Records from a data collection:
%%

definition BM_omega_determined :: "'a topology \<Rightarrow> bool" where
  "BM_omega_determined X \<longleftrightarrow>
     (\<exists>a0 \<sigma>. BM_alice_winning X a0 \<sigma>) \<or> (\<exists>\<tau>. BM_bob_winning X \<tau>)"

end

theory Submission
  imports Defs
begin

text \<open>If \<open>X\<close> is a Baire space, Bob answers Alice's opening move
  by some member \<open>B\<^sub>0 \<subseteq> A\<^sub>0\<close> of the \<pi>-base and then always plays all members of the
  \<pi>-base inside \<open>B\<^sub>0\<close> that lie in the union of Alice's last answers. Local countability makes
  these moves countable, and each union of them is open and dense in \<open>B\<^sub>0\<close>, so the Baire
  property gives a point common to all of them. Otherwise some nonempty open \<open>B\<^sub>0\<close> misses the
  intersection of dense open sets \<open>W\<^sub>n\<close>; Alice opens with \<open>B\<^sub>0\<close> and in inning \<open>n + 1\<close> answers
  each \<open>B\<close> by \<open>B \<inter> W\<^sub>n\<close>.\<close>

definition Baire_space :: "'a topology \<Rightarrow> bool" where
  "Baire_space X \<longleftrightarrow>
     (\<forall>W. (\<forall>n::nat. openin X (W n) \<and> X closure_of W n = topspace X)
          \<longrightarrow> X closure_of (\<Inter>n. W n) = topspace X)"

lemma Baire_space_open_Int_nonempty:
  fixes W :: "nat \<Rightarrow> 'a set"
  assumes "Baire_space X" "openin X B" "B \<noteq> {}"
    and "\<And>n. openin X (W n)" "\<And>n. B \<subseteq> X closure_of W n"
  shows "B \<inter> (\<Inter>n. W n) \<noteq> {}"
proof -
  \<comment> \<open>adjoining the exterior of \<open>B\<close> makes each \<open>W n\<close> dense in the whole space\<close>
  define V where "V n = W n \<union> (topspace X - X closure_of B)" for n
  have "X closure_of V n = topspace X" for n
    unfolding dense_intersects_open
  proof (intro allI impI)
    fix T assume T: "openin X T \<and> T \<noteq> {}"
    show "V n \<inter> T \<noteq> {}"
    proof (cases "T \<inter> B = {}")
      case True
      then have "T \<inter> X closure_of B = {}"
        using T openin_Int_closure_of_eq_empty by blast
      moreover have "T \<subseteq> topspace X"
        using T openin_subset by blast
      ultimately have "T \<subseteq> V n"
        unfolding V_def by blast
      then show ?thesis using T by blast
    next
      case False
      then obtain x where x: "x \<in> T \<inter> B" by blast
      then have "x \<in> X closure_of W n"
        using assms(5) by blast
      moreover have "openin X (T \<inter> B)"
        using T assms(2) by (simp add: openin_Int)
      ultimately obtain y where "y \<in> W n" "y \<in> T"
        using x unfolding in_closure_of by blast
      then show ?thesis by (auto simp: V_def)
    qed
  qed
  moreover have "openin X (V n)" for n
    unfolding V_def by (intro openin_Un openin_diff) (simp_all add: assms(4))
  ultimately have "X closure_of (\<Inter>n. V n) = topspace X"
    using assms(1) unfolding Baire_space_def by blast
  then have "(\<Inter>n. V n) \<inter> B \<noteq> {}"
    using assms(2,3) dense_intersects_open by blast
  moreover have "B \<inter> (topspace X - X closure_of B) = {}"
    using closure_of_subset[OF openin_subset[OF assms(2)]] by blast
  ultimately show ?thesis by (auto simp: V_def)
qed

lemma not_Baire_space_obtains:
  assumes "\<not> Baire_space X"
  obtains B W where "openin X B" "B \<noteq> {}" "\<And>n::nat. openin X (W n)"
    "\<And>n. X closure_of W n = topspace X" "B \<inter> (\<Inter>n. W n) = {}"
proof -
  obtain W where W: "\<And>n::nat. openin X (W n)" "\<And>n. X closure_of W n = topspace X"
    and "X closure_of (\<Inter>n. W n) \<noteq> topspace X"
    using assms unfolding Baire_space_def by blast
  then obtain B where "openin X B" "B \<noteq> {}" "(\<Inter>n. W n) \<inter> B = {}"
    unfolding dense_intersects_open by blast
  with W that show ?thesis by (metis inf_commute)
qed

lemma BM_alice_winning_Int_dense:
  assumes B0: "openin X B0" "B0 \<noteq> {}"
    and W: "\<And>n. openin X (W n)" "\<And>n. X closure_of W n = topspace X"
    and disjoint: "B0 \<inter> (\<Inter>n. W n) = {}"
  shows "BM_alice_winning X B0 (\<lambda>L B. B \<inter> W (length L - 1))"
  unfolding BM_alice_winning_def Let_def length_map length_upt diff_zero diff_Suc_1
proof (intro conjI allI impI)
  show "BM_alice_legal0 X B0" using B0 by (simp add: BM_alice_legal0_def)
next
  fix Bs :: "nat \<Rightarrow> 'a set set" and n
  assume "\<forall>k\<le>n. BM_bob_legal X (BM_region B0 (\<lambda>n B. B \<inter> W n) Bs k) (Bs k)"
  then have "openin X B \<and> B \<noteq> {}" if "B \<in> Bs n" for B
    using that by (auto simp: BM_bob_legal_def)
  then show "BM_alice_legal X (Bs n) (\<lambda>B. B \<inter> W n)"
    using W dense_intersects_open by (fastforce simp: BM_alice_legal_def)
next
  fix Bs :: "nat \<Rightarrow> 'a set set"
  assume legal: "\<forall>n. BM_bob_legal X (BM_region B0 (\<lambda>n B. B \<inter> W n) Bs n) (Bs n)"
  have "(\<Inter>n. \<Union> (Bs n)) \<subseteq> B0 \<inter> (\<Inter>n. W n)"
  proof
    fix x assume "x \<in> (\<Inter>n. \<Union> (Bs n))"
    then have x: "x \<in> \<Union> (Bs k)" for k by blast
    have "\<Union> (Bs 0) \<subseteq> B0"
      using legal[rule_format, of 0] by (auto simp: BM_bob_legal_def BM_region_def)
    with x[of 0] have "x \<in> B0" by blast
    moreover have "x \<in> W n" for n
    proof -
      have "\<Union> (Bs (Suc n)) \<subseteq> W n"
        using legal[rule_format, of "Suc n"] by (auto simp: BM_bob_legal_def BM_region_def)
      with x[of "Suc n"] show ?thesis by blast
    qed
    ultimately show "x \<in> B0 \<inter> (\<Inter>n. W n)" by blast
  qed
  then show "\<not> BM_bob_wins Bs" using disjoint by (auto simp: BM_bob_wins_def)
qed

text \<open>The clause \<open>C \<subseteq> B0\<close> in the successor step keeps every move countable even
  after illegal moves of Alice.\<close>

primrec pi_base_moves ::
  "'a set set \<Rightarrow> 'a set \<Rightarrow> (nat \<Rightarrow> 'a set \<Rightarrow> 'a set) \<Rightarrow> nat \<Rightarrow> 'a set set" where
  "pi_base_moves \<B> B0 f 0 = {C \<in> \<B>. C \<subseteq> B0}"
| "pi_base_moves \<B> B0 f (Suc n) = {C \<in> \<B>. C \<subseteq> B0 \<and> C \<subseteq> \<Union> (f n ` pi_base_moves \<B> B0 f n)}"

definition pi_base_strategy :: "'a set set \<Rightarrow> 'a set \<Rightarrow> ('a set \<Rightarrow> 'a set) list \<Rightarrow> 'a set set" where
  "pi_base_strategy \<B> A0 fs = pi_base_moves \<B> (SOME B. B \<in> \<B> \<and> B \<subseteq> A0) ((!) fs) (length fs)"

lemma pi_base_moves_cong: "(\<And>i. i < n \<Longrightarrow> f i = g i) \<Longrightarrow> pi_base_moves \<B> B0 f n = pi_base_moves \<B> B0 g n"
  by (induction n) auto

lemma pi_base_strategy_map_upt:
  "pi_base_strategy \<B> A0 (map f [0..<n]) = pi_base_moves \<B> (SOME B. B \<in> \<B> \<and> B \<subseteq> A0) f n"
  unfolding pi_base_strategy_def length_map length_upt diff_zero by (rule pi_base_moves_cong) simp

lemma pi_base_moves_subset: "pi_base_moves \<B> B0 f n \<subseteq> {C \<in> \<B>. C \<subseteq> B0}"
  by (cases n) auto

lemma pi_base_moves_refine:
  assumes "pi_base X \<B>" and alice: "\<And>k. k < n \<Longrightarrow> BM_alice_legal X (pi_base_moves \<B> B0 f k) (f k)"
    and U: "openin X U" "U \<noteq> {}" "U \<subseteq> B0"
  shows "\<exists>C \<in> pi_base_moves \<B> B0 f n. C \<subseteq> U"
  using alice
proof (induction n)
  case 0
  obtain C where "C \<in> \<B>" "C \<subseteq> U"
    using assms(1) U unfolding pi_base_def by blast
  with U(3) show ?case by auto
next
  case (Suc n)
  then obtain C where C: "C \<in> pi_base_moves \<B> B0 f n" "C \<subseteq> U"
    by (meson less_Suc_eq)
  then have "openin X (f n C)" "f n C \<noteq> {}" "f n C \<subseteq> C"
    using Suc.prems[of n] by (auto simp: BM_alice_legal_def)
  then obtain C' where "C' \<in> \<B>" "C' \<subseteq> f n C"
    using assms(1) unfolding pi_base_def by blast
  with C \<open>f n C \<subseteq> C\<close> U(3) have "C' \<in> pi_base_moves \<B> B0 f (Suc n)"
    by auto
  with C(2) \<open>C' \<subseteq> f n C\<close> \<open>f n C \<subseteq> C\<close> show ?case by blast
qed

lemma BM_bob_winning_pi_base_strategy:
  assumes Baire: "Baire_space X" and \<B>: "pi_base X \<B>" "locally_countable_family \<B>"
  shows "BM_bob_winning X (pi_base_strategy \<B>)"
  unfolding BM_bob_winning_def Let_def pi_base_strategy_map_upt
proof (intro allI)
  fix A0 and f :: "nat \<Rightarrow> 'a set \<Rightarrow> 'a set"
  define B0 where "B0 = (SOME B. B \<in> \<B> \<and> B \<subseteq> A0)"
  define Bs where "Bs = pi_base_moves \<B> B0 f"
  have member: "openin X C \<and> C \<noteq> {}" if "C \<in> \<B>" for C
    using \<B>(1) that by (auto simp: pi_base_def)
  have B0: "B0 \<in> \<B>" "B0 \<subseteq> A0" if "BM_alice_legal0 X A0"
  proof -
    have "\<exists>B. B \<in> \<B> \<and> B \<subseteq> A0" using \<B>(1) that by (auto simp: pi_base_def BM_alice_legal0_def)
    then show "B0 \<in> \<B>" "B0 \<subseteq> A0" unfolding B0_def by (metis (mono_tags, lifting) someI_ex)+
  qed
  show "(\<forall>n. BM_alice_legal0 X A0 \<and> (\<forall>k<n. BM_alice_legal X (Bs k) (f k))
          \<longrightarrow> BM_bob_legal X (BM_region A0 f Bs n) (Bs n)) \<and>
        (BM_alice_legal0 X A0 \<and> (\<forall>n. BM_alice_legal X (Bs n) (f n)) \<longrightarrow> BM_bob_wins Bs)"
  proof (intro conjI allI impI)
    fix n
    assume "BM_alice_legal0 X A0 \<and> (\<forall>k<n. BM_alice_legal X (Bs k) (f k))"
    then have "B0 \<in> \<B>" "B0 \<subseteq> A0" using B0 by auto
    then have "countable {C \<in> \<B>. C \<subseteq> B0}"
      using \<B>(2) unfolding locally_countable_family_def by blast
    then have "countable (Bs n)"
      unfolding Bs_def by (rule countable_subset[OF pi_base_moves_subset])
    with \<open>B0 \<subseteq> A0\<close> show "BM_bob_legal X (BM_region A0 f Bs n) (Bs n)"
      using member pi_base_moves_subset unfolding Bs_def
      by (cases n) (fastforce simp: BM_bob_legal_def BM_region_def)+
  next
    assume legal: "BM_alice_legal0 X A0 \<and> (\<forall>n. BM_alice_legal X (Bs n) (f n))"
    then have "B0 \<in> \<B>" using B0 by auto
    then have "openin X B0" "B0 \<noteq> {}" using member by auto
    have dense: "B0 \<subseteq> X closure_of \<Union> (Bs n)" for n
    proof
      fix x assume "x \<in> B0"
      have "\<exists>y \<in> \<Union> (Bs n). y \<in> T" if "x \<in> T" "openin X T" for T
      proof -
        have "openin X (T \<inter> B0)" "T \<inter> B0 \<noteq> {}"
          using that \<open>x \<in> B0\<close> \<open>B0 \<in> \<B>\<close> member by auto
        then obtain C where "C \<in> Bs n" "C \<subseteq> T \<inter> B0"
          using pi_base_moves_refine[OF \<B>(1), of n B0 f "T \<inter> B0"] legal unfolding Bs_def by auto
        then show ?thesis using member pi_base_moves_subset unfolding Bs_def by blast
      qed
      moreover have "x \<in> topspace X"
        using \<open>x \<in> B0\<close> \<open>B0 \<in> \<B>\<close> member openin_subset by blast
      ultimately show "x \<in> X closure_of \<Union> (Bs n)"
        unfolding in_closure_of by blast
    qed
    have "openin X (\<Union> (Bs n))" for n
      using member pi_base_moves_subset unfolding Bs_def by (intro openin_Union) blast
    from \<open>openin X B0\<close> \<open>B0 \<noteq> {}\<close> this dense
    have "B0 \<inter> (\<Inter>n. \<Union> (Bs n)) \<noteq> {}"
      by (rule Baire_space_open_Int_nonempty[OF Baire])
    then show "BM_bob_wins Bs" by (auto simp: BM_bob_wins_def)
  qed
qed

theorem corollary3p9:
  fixes X :: "'a topology"
  assumes "\<exists>\<B>. pi_base X \<B> \<and> locally_countable_family \<B>"
  shows "BM_omega_determined X"
proof (cases "Baire_space X")
  case True
  with assms show ?thesis
    using BM_bob_winning_pi_base_strategy unfolding BM_omega_determined_def by blast
next
  case False
  then obtain B W where "openin X B" "B \<noteq> {}" "\<And>n::nat. openin X (W n)"
    "\<And>n. X closure_of W n = topspace X" "B \<inter> (\<Inter>n. W n) = {}"
    using not_Baire_space_obtains[OF False] by blast
  then have "BM_alice_winning X B (\<lambda>L B. B \<inter> W (length L - 1))"
    by (rule BM_alice_winning_Int_dense)
  then show ?thesis unfolding BM_omega_determined_def by blast
qed

end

%%

§ **Task description**
Restate the data verbatim through the "these moves countable, and" line.

§ **Answer space**
definition BM_omega_determined :: "'a topology \<Rightarrow> bool" where
  "BM_omega_determined X \<longleftrightarrow>
     (\<exists>a0 \<sigma>. BM_alice_winning X a0 \<sigma>) \<or> (\<exists>\<tau>. BM_bob_winning X \<tau>)"

end

theory Submission
  imports Defs
begin

text \<open>If \<open>X\<close> is a Baire space, Bob answers Alice's opening move
  by some member \<open>B\<^sub>0 \<subseteq> A\<^sub>0\<close> of the \<pi>-base and then always plays all members of the
  \<pi>-base inside \<open>B\<^sub>0\<close> that lie in the union of Alice's last answers. Local countability makes
  these moves countable, and each union of them is open and dense in \<open>B\<^sub>0\<close>, so the Baire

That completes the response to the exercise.